Stored data
++++++

(* Let $a>0$, $\epsilon>0$, $n\in\mathbb{N}$, $\sigma_n=n^{-a}$, and consider the pendulum Lagrangian $A_n(q_1,\dot q_1)=\frac12|\dot q_1|^2+\sigma_n(1-\cos q_1)$ on $\mathbb{R}$ with associated Hamiltonian $h_n(q_1,p_1)=\frac12|p_1|^2-\sigma_n(1-\cos q_1)$. Let $t_0<\bar t_1$ and let $\bar q_1$ be the solution of the Euler–Lagrange equation of $A_n$ on $(t_0,\bar t_1)$ satisfying $\bar q_1(t_0)=0$, $\bar q_1(\bar t_1)=\pi$. Let $e(\bar t_1-t_0)$ denote its energy, i.e. $(\bar q_1,\bar p_1)\in h_n^{-1}(e(\bar t_1-t_0))$ with $\bar p_1=\dot{\bar q}_1$, and let $\omega_1=\pi/(\bar t_1-t_0)$ be the average speed of $\bar q_1$ on $(t_0,\bar t_1)$. If $|\omega_1|<n^{-\frac a2-\epsilon}$, then $$e(\bar t_1-t_0)\sim \sigma_n\exp\Big(-\frac{C\sqrt{\sigma_n}}{|\omega_1|}\Big),$$ where $C$ is a positive constant.
   Context: The notation $f\sim g$ means $\frac1{C'}g<f<C'g$ for some constant $C'>1$ independent of $n$. *)

theory Defs
  imports Complex_Main
begin

definition sigma_n :: "real \<Rightarrow> nat \<Rightarrow> real" where
  "sigma_n a n = real n powr (-a)"

definition pendulum_hamiltonian :: "real \<Rightarrow> real \<Rightarrow> real \<Rightarrow> real" where
  "pendulum_hamiltonian \<sigma> q p = (1/2) * p^2 - \<sigma> * (1 - cos q)"

text \<open>q solves the Euler-Lagrange equation of A(q,v) = v^2/2 + sigma (1 - cos q),
  i.e. q'' = sigma sin q, on the open interval (t0,t1), with velocity qd = q';
  q is continuous on the closed interval.\<close>
definition pendulum_EL_solution ::
  "real \<Rightarrow> (real \<Rightarrow> real) \<Rightarrow> (real \<Rightarrow> real) \<Rightarrow> real \<Rightarrow> real \<Rightarrow> bool" where
  "pendulum_EL_solution \<sigma> q qd t0 t1 \<longleftrightarrow>
     continuous_on {t0..t1} q \<and>
     (\<forall>t\<in>{t0<..<t1}. (q has_real_derivative qd t) (at t) \<and>
                       (qd has_real_derivative \<sigma> * sin (q t)) (at t))"

end

theory Submission
  imports Defs "HOL-Analysis.Complex_Transcendental"
begin

text \<open>
  Energy \<open>e\<close> is conserved along the arc and, because the arc climbs from \<open>0\<close> to \<open>pi\<close>, it is
  positive; hence \<open>q' = sqrt (2 e + 2 \<sigma> (1 - cos q)) > 0\<close> and the crossing time is
  \<open>T = \<integral>\<^sub>0\<^sup>\<pi> dq / sqrt (2 e + 2 \<sigma> (1 - cos q))\<close>. Squeezing \<open>2 (1 - cos q)\<close> between
  \<open>q\<^sup>2 - q\<^sup>4/12\<close> and \<open>q\<^sup>2\<close> compares \<open>T\<close> with
  \<open>\<integral>\<^sub>0\<^sup>\<pi> dq / sqrt (2 e + \<sigma> q\<^sup>2) = arsinh (pi sqrt (\<sigma> / 2 e)) / sqrt \<sigma>\<close>
  up to an additive \<open>pi\<^sup>2 / (12 sqrt \<sigma>)\<close>. For a slow arc, \<open>\<omega> = pi / T < sqrt \<sigma>\<close>, the argument
  of \<open>arsinh\<close> exceeds \<open>1\<close>, where \<open>arsinh y = ln y + O(1)\<close>. Hence
  \<open>sqrt \<sigma> T = ln (sqrt (\<sigma> / e)) + O(1)\<close>, i.e. \<open>e \<sim> \<sigma> exp (-2 sqrt \<sigma> T) = \<sigma> exp (-2 pi sqrt \<sigma> / \<omega>)\<close>.
\<close>

lemma one_minus_cos_le: "1 - cos x \<le> (x::real)^2 / 2"
proof -
  have "(sin (x/2))^2 \<le> (x/2)^2"
    using abs_sin_x_le_abs_x[of "x/2"] by (metis abs_ge_zero power2_abs power_mono)
  then show ?thesis
    using cos_double_sin[of "x/2"] by (simp add: power_divide)
qed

++++++

### TASK OBJECTIVE
Scanning the data above, copy out every line where "arsinh" is found.

### SOLUTION
  \<open>\<integral>\<^sub>0\<^sup>\<pi> dq / sqrt (2 e + \<sigma> q\<^sup>2) = arsinh (pi sqrt (\<sigma> / 2 e)) / sqrt \<sigma>\<close>
  of \<open>arsinh\<close> exceeds \<open>1\<close>, where \<open>arsinh y = ln y + O(1)\<close>. Hence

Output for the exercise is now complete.